W piątek wieczorem ulicami stolicy przeszła Centralna Droga Krzyżowa, którą poprowadził metropolita warszawski kard. Kazimierz Nycz. W czasie nabożeństwa modlono się o pokój na Ukrainie polecając Bogu poległych, pomordowanych, okaleczonych na skutek działań wojennych oraz uchodźców, którzy znaleźli schronienie w Polsce.
Wyzwanie pomocy uchodźcom
W słowie pasterskim na zakończenie nabożeństwa, kard. Kazimierz Nycz zwrócił uwagę, że w trosce o pokój w Ukrainie "brakuje zawierzenia w moc modlitwy". - Czasem za bardzo liczymy tylko na nasze - trochę siłowe - rozwiązania, zamiast na wielkie miłosierdzie Boga, który zdolny jest przemienić nasze myślenie i działanie - ocenił hierarcha.

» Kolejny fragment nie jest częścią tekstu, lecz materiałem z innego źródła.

lemma morph_extend_ends:
  assumes m: "graph_morph G C f g" and gj: "g j = e1"
  shows "(f aj = a \<and> f bj = b) \<or> (f aj = b \<and> f bj = a)"
proof -
  have "{#f aj, f bj#} = {#a, b#}"
    using graph_morphD(4)[OF m src.edge_j] gj src.ends_j tgt.ends_j by simp
  then show ?thesis by (simp add: mset_doubleton_eq_iff)
qed

lemma morph_extend_edge:
  assumes m: "graph_morph G C f g" and gj: "g j = e1" and e: "e \<in> insert ej (E G)"
  defines "g' \<equiv> if f aj = a then g(ej := e2) else g(j := e2, ej := e1)"
  shows "ety tgt.G' (g' e) = ety src.G' e
    \<and> ends tgt.G' (g' e) = image_mset (f(wj := w)) (ends src.G' e)"
proof -
  note fab = morph_extend_ends[OF m gj]
  consider "e = ej" | "e = j" | "e \<in> E G" "e \<noteq> j" using e by blast
  then show ?thesis
  proof cases
    case 1
    then show ?thesis
      using fab tgt.ety_j src.attach_distinct(3) tgt.attach_distinct(3) src.fresh_vertex
        src.ends_j_in_V by (auto simp: g'_def add_mset_commute attach_photon_simps)
  next
    case 2
    then show ?thesis
      using fab gj tgt.ety_j src.ety_j src.edge_j src.attach_distinct tgt.attach_distinct(3)
      by (auto simp: g'_def add_mset_commute attach_photon_simps)
  next
    case 3
    then have "g e \<in> E C" "g e \<noteq> e1"
      using graph_morphD(2)[OF m] gj src.edge_j by (auto simp: bij_betw_def inj_on_def)
    moreover have "image_mset (f(wj := w)) (ends G e) = image_mset f (ends G e)"
      using src.fresh_vertex_notin_ends[OF 3(1)] by (intro multiset.map_cong0) auto
    ultimately show ?thesis
      using graph_morphD(3,4)[OF m 3(1)] 3 src.fresh_edge by (auto simp: g'_def)
  qed
qed

lemma morph_extend:
  assumes m: "graph_morph G C f g" and gj: "g j = e1"
  defines "g' \<equiv> if f aj = a then g(ej := e2) else g(j := e2, ej := e1)"
  shows "graph_morph src.G' tgt.G' (f(wj := w)) g'"
proof -
  have "bij_betw (f(wj := w)) (insert wj (V G)) (insert w (V C))"
    using graph_morphD(1)[OF m] src.fresh_vertex tgt.fresh_vertex by (rule bij_betw_fun_upd_insert)
  moreover have "bij_betw g' (insert ej (E G)) (insert e2 (E C))"
    unfolding g'_def using graph_morphD(2)[OF m] gj by (rule bij_betw_extend_edges)
  moreover have "X tgt.G' = X src.G'" using graph_morphD(5)[OF m] by simp
  moreover have "xty tgt.G' l = xty src.G' l \<and> xv tgt.G' l = (f(wj := w)) (xv src.G' l)"
    if "l \<in> X src.G'" for l
    using that graph_morphD(5)[OF m] graph_morphD(6,7)[OF m, of l] src.legs_in_V[of l]
      src.fresh_vertex by (cases "l = 2") auto
  ultimately show ?thesis
    using morph_extend_edge[OF m gj] by (simp add: graph_morph_def g'_def)
qed

lemma morph_halves_determined:
  assumes "graph_morph src.G' tgt.G' f g" "a \<noteq> b"
  shows "g j = (if f aj = a then e1 else e2)" "g ej = (if f aj = a then e2 else e1)"
  using morph_halves(2)[OF assms(1)] assms(2) by auto

lemma isos_restrict:
  assumes "wf_graph G" "(f, g) \<in> isos src.G' tgt.G'"
  shows "(fix_outside (V G) f, fix_outside (E G) (g(j := e1))) \<in> isos G C"
  using fix_outside_in_isos[OF assms(1) morph_restrict[OF isosD(1)[OF assms(2)]]] .

text \<open>Since the ends \<open>a \<noteq> b\<close> of \<open>e1\<close> are distinguished, the image of \<open>aj\<close> decides which half of
  \<open>j\<close> goes to which half of \<open>e1\<close>: the restriction loses no information.\<close>

lemma isos_restrict_inj:
  assumes "a \<noteq> b" and fg: "(f, g) \<in> isos src.G' tgt.G'" and fg': "(f', g') \<in> isos src.G' tgt.G'"
    and f: "fix_outside (V G) f = fix_outside (V G) f'"
    and g: "fix_outside (E G) (g(j := e1)) = fix_outside (E G) (g'(j := e1))"
  shows "f = f'" "g = g'"
proof -
  note m = isosD(1)[OF fg] and m' = isosD(1)[OF fg']
  have "f x = f' x" for x
    using fun_cong[OF f, of x] morph_halves(1)[OF m] morph_halves(1)[OF m']
      isosD(2)[OF fg, of x] isosD(2)[OF fg', of x]
    by (cases "x = wj") (auto simp: fix_outside_def split: if_splits)
  then show "f = f'" ..
  then have halves: "g j = g' j" "g ej = g' ej"
    using morph_halves_determined[OF m \<open>a \<noteq> b\<close>] morph_halves_determined[OF m' \<open>a \<noteq> b\<close>] by simp_all
  show "g = g'"
  proof
    fix x
    show "g x = g' x"
      using halves fun_cong[OF g, of x] isosD(3)[OF fg, of x] isosD(3)[OF fg', of x]
      by (cases "x \<in> {j, ej}") (auto simp: fix_outside_def split: if_splits)
  qed
qed

lemma isos_extend:
  assumes "wf_graph G" and fg: "(f, g) \<in> isos G C" and "g j = e1"
  obtains f' g' where "(f', g') \<in> isos src.G' tgt.G'" "fix_outside (V G) f' = f"
    "fix_outside (E G) (g'(j := e1)) = g"
proof -
  define g'' where "g'' = (if f aj = a then g(ej := e2) else g(j := e2, ej := e1))"
  have m: "graph_morph src.G' tgt.G' (f(wj := w)) g''"
    unfolding g''_def by (rule morph_extend[OF isosD(1)[OF fg] \<open>g j = e1\<close>])
  have "wf_graph src.G'" using assms(1) src.wf_attach_photon_iff by simp
  note iso = fix_outside_in_isos[OF this m]
  moreover have "fix_outside (V G) (fix_outside (V src.G') (f(wj := w))) = f"
    using isosD(2)[OF fg] src.fresh_vertex by (auto simp: fix_outside_def)
  moreover have "fix_outside (E G) ((fix_outside (E src.G') g'')(j := e1)) = g"
    using isosD(3)[OF fg] src.fresh_edge src.edge_j \<open>g j = e1\<close>
    by (auto simp: fix_outside_def g''_def)
  ultimately show thesis using that by blast
qed

end

lemma attachment_pair_insert_photon:
  assumes "wf_graph G" "residue_el G" "j \<in> el_edges G" "photon_attachment C e1 a b w e2"
  shows "attachment_pair G j (end1 G j) (end2 G j) (fresh (V G)) (fresh (E G)) C e1 a b w e2"
  using photon_attachment_insert_photon[OF assms(1-3)] assms(4) by (simp add: attachment_pair_def)

definition contract_iso ::
  "fgraph \<Rightarrow> nat \<Rightarrow> nat \<times> (nat \<Rightarrow> nat) \<times> (nat \<Rightarrow> nat) \<Rightarrow> (nat \<Rightarrow> nat) \<times> (nat \<Rightarrow> nat)" where
  "contract_iso G e1 = (\<lambda>(j, f, g). (fix_outside (V G) f, fix_outside (E G) (g(j := e1))))"

definition insertion_isos :: "fgraph \<Rightarrow> fgraph \<Rightarrow> (nat \<times> (nat \<Rightarrow> nat) \<times> (nat \<Rightarrow> nat)) set" where
  "insertion_isos G D = (SIGMA j:el_edges G. isos (insert_photon G j) D)"

context
  fixes G C :: fgraph and e1 a b w e2 :: nat
  assumes G: "wf_graph G" "residue_el G"
    and C: "photon_attachment C e1 a b w e2" "wf_graph C" "a \<noteq> b"
begin

lemma contract_iso_in_isos:
  assumes "j \<in> el_edges G" "(f, g) \<in> isos (insert_photon G j) (attach_photon C e1 a b w e2)"
  shows "contract_iso G e1 (j, f, g) \<in> isos G C"
proof -
  interpret attachment_pair G j "end1 G j" "end2 G j" "fresh (V G)" "fresh (E G)" C e1 a b w e2
    using attachment_pair_insert_photon[OF G assms(1) C(1)] .
  show ?thesis
    using isos_restrict[OF G(1)] assms insert_photon_eq_attach_photon[OF G(1)]
    by (simp add: contract_iso_def el_edges_def)
qed

lemma inj_on_contract_iso:
  "inj_on (contract_iso G e1) (insertion_isos G (attach_photon C e1 a b w e2))"
proof (rule inj_onI)
  fix p p' assume "p \<in> insertion_isos G (attach_photon C e1 a b w e2)"
    "p' \<in> insertion_isos G (attach_photon C e1 a b w e2)"
    "contract_iso G e1 p = contract_iso G e1 p'"
  moreover obtain j f g j' f' g' where p: "p = (j, f, g)" "p' = (j', f', g')" by (cases p, cases p')
  ultimately have j: "j \<in> el_edges G" "j' \<in> el_edges G"
    and fg: "(f, g) \<in> isos (insert_photon G j) (attach_photon C e1 a b w e2)"
      "(f', g') \<in> isos (insert_photon G j') (attach_photon C e1 a b w e2)"
    and eq: "contract_iso G e1 (j, f, g) = contract_iso G e1 (j', f', g')"
    by (simp_all add: insertion_isos_def)
  let ?h = "fix_outside (E G) (g(j := e1))"
  have "(fix_outside (V G) f, ?h) \<in> isos G C"
    using contract_iso_in_isos[OF j(1) fg(1)] by (simp add: contract_iso_def)
  then have "inj_on ?h (E G)" using graph_morphD(2)[OF isosD(1)] by (auto simp: bij_betw_def)
  moreover have "?h j = e1" using j by (simp add: fix_outside_def el_edges_def)
  moreover have "?h = fix_outside (E G) (g'(j' := e1))" using eq by (simp add: contract_iso_def)
  then have "?h j' = e1" using j by (simp add: fix_outside_def el_edges_def)
  ultimately have jj: "j = j'"
    using j unfolding el_edges_def by (metis (mono_tags) inj_onD mem_Collect_eq)
  interpret attachment_pair G j "end1 G j" "end2 G j" "fresh (V G)" "fresh (E G)" C e1 a b w e2
    using attachment_pair_insert_photon[OF G j(1) C(1)] .
  have "(f, g) \<in> isos src.G' tgt.G'" "(f', g') \<in> isos src.G' tgt.G'"
    using fg insert_photon_eq_attach_photon[OF G(1)] j jj by (auto simp: el_edges_def)
  moreover have "fix_outside (V G) f = fix_outside (V G) f'"
    "fix_outside (E G) (g(j := e1)) = fix_outside (E G) (g'(j := e1))"
    using eq jj by (simp_all add: contract_iso_def)
  ultimately have "f = f'" "g = g'" using isos_restrict_inj[OF C(3)] by blast+
  then show "p = p'" using jj p by simp
qed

Zaznaczył, że "mieszkańcy Ukrainy ponoszą największe koszty wojny". Zwrócił uwagę, że zaatakowani przez Rosję bronią nie tylko własnego kraju, ale także innych państw Europy, w tym również i Polski.
Według kard. Nycza, Polacy stają dziś przed wyzwaniem, jakim jest zdawanie egzaminu z miłość i pomocy w stosunku do uchodźców.
Jak zaznaczył, "kiedy tyle raz słyszeliśmy przy poszczególnych stacjach o bezinteresownym przebaczeniu Boga w Jezusie Chrystusie, (...) słowo przepraszam i przebaczam między naszymi narodami musi paść".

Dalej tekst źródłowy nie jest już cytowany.